- Listed entries
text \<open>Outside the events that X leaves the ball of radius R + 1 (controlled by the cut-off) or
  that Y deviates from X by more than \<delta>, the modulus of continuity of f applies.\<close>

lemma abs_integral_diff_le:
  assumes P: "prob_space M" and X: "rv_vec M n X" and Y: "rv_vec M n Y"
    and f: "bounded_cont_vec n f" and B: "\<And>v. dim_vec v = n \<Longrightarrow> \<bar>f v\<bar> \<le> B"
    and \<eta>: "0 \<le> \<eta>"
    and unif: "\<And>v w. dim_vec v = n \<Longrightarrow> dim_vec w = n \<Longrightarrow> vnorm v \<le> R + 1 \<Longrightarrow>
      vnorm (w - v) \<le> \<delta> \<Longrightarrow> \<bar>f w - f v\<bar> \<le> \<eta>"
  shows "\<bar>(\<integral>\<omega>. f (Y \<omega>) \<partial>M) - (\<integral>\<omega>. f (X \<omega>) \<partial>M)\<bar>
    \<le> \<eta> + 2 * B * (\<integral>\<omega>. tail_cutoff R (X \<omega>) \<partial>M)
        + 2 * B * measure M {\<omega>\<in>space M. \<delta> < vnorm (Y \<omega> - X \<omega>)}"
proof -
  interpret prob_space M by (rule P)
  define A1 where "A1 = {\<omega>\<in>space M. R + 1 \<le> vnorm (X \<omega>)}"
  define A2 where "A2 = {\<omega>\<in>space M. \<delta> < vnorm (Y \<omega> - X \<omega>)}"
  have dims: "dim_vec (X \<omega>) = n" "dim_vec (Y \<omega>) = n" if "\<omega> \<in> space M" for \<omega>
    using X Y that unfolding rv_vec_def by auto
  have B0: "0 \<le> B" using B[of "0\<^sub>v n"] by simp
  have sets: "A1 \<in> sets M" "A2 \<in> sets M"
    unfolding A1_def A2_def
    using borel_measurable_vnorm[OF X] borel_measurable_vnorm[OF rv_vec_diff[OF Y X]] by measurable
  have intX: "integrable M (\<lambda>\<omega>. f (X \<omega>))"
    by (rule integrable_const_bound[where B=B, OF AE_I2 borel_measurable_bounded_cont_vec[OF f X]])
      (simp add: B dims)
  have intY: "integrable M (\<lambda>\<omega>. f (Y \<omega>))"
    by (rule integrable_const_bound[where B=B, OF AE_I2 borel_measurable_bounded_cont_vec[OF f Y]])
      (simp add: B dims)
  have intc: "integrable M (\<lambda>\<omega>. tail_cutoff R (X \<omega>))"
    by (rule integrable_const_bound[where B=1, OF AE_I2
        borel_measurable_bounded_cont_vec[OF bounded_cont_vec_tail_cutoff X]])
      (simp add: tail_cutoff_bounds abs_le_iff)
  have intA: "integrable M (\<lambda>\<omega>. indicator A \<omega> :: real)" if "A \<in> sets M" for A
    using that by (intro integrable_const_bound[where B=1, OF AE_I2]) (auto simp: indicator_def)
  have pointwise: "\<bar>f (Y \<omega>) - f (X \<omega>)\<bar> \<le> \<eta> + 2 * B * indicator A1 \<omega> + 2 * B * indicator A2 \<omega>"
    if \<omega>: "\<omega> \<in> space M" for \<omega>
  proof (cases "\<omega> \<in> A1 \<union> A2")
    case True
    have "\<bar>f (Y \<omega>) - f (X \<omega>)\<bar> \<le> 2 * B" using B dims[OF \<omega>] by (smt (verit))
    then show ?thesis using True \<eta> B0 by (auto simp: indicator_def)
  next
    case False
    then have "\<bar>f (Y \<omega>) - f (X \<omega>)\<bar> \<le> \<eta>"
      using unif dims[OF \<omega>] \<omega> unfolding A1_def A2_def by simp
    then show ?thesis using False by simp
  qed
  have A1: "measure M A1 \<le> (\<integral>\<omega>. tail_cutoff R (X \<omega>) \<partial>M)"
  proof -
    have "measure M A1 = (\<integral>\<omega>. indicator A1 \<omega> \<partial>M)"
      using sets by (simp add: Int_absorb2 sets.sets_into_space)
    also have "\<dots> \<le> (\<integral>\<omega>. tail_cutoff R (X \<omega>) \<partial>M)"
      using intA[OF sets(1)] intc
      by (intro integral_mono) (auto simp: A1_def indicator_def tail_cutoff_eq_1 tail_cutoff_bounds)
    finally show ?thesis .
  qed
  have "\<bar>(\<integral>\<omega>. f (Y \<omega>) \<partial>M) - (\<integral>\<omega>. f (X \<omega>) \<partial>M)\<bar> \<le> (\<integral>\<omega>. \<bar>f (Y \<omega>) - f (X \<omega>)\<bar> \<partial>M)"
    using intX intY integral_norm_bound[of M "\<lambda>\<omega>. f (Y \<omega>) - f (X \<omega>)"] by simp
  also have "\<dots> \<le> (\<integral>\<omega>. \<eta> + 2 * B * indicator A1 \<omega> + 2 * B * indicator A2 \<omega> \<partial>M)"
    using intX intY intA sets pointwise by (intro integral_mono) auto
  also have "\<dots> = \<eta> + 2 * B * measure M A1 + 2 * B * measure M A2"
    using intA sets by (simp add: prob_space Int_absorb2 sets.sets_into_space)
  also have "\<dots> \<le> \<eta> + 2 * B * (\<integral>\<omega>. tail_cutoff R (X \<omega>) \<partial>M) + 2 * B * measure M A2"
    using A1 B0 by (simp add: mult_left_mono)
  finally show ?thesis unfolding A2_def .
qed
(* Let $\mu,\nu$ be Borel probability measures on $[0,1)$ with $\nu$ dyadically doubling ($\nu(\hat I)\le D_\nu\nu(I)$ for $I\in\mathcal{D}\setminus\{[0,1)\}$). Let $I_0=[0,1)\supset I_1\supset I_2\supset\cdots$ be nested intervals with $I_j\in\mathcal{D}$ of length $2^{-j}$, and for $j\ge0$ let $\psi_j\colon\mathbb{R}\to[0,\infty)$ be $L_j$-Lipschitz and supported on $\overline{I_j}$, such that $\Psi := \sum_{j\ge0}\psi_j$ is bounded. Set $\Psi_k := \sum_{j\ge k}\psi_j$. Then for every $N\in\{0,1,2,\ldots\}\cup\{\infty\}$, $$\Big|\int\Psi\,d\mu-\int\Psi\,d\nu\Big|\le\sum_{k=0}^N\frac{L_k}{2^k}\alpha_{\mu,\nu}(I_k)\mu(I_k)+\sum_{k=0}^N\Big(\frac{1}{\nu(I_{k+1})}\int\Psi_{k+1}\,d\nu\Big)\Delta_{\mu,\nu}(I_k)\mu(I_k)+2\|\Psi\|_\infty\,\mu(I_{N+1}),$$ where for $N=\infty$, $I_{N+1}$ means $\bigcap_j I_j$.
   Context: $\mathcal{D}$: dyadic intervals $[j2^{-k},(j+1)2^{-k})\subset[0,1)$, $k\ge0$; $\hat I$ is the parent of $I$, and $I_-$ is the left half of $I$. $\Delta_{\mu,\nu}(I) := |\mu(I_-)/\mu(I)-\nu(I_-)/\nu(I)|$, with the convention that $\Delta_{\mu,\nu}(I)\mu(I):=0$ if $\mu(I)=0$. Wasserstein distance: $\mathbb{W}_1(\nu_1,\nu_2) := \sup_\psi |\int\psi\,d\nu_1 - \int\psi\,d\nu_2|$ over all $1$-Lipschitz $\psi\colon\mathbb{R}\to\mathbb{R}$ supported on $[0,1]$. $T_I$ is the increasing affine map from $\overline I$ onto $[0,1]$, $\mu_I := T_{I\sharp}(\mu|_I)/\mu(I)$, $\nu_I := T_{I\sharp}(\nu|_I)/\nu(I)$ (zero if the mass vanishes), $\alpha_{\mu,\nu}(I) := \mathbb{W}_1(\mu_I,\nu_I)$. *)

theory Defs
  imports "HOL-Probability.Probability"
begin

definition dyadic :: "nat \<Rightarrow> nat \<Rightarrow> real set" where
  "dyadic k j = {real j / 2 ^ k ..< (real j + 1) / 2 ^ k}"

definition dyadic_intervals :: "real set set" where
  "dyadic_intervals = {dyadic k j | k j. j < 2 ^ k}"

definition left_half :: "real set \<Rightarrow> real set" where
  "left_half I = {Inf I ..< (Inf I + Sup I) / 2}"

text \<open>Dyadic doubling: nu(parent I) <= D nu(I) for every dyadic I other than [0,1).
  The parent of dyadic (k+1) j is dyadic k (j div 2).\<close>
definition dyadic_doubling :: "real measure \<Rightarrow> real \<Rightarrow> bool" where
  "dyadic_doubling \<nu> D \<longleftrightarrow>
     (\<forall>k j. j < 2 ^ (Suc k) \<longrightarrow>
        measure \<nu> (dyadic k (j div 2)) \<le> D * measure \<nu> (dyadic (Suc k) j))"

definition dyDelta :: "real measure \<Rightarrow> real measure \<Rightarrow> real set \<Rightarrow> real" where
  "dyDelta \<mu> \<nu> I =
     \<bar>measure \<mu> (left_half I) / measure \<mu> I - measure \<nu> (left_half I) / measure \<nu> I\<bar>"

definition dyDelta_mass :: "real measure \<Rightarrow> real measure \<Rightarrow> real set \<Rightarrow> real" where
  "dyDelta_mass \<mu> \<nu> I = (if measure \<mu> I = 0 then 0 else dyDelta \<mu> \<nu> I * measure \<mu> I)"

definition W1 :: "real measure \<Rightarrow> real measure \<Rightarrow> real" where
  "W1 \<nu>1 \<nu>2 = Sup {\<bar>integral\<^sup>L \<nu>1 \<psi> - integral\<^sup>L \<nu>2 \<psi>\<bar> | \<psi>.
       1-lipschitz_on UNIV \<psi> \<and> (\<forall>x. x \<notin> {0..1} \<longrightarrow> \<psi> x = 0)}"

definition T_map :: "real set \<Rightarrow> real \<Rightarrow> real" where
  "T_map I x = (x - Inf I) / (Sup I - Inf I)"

- What you have to do
Looking back at the data above, tally each line that includes the word "close", then answer with the total alone.

- Answer section
2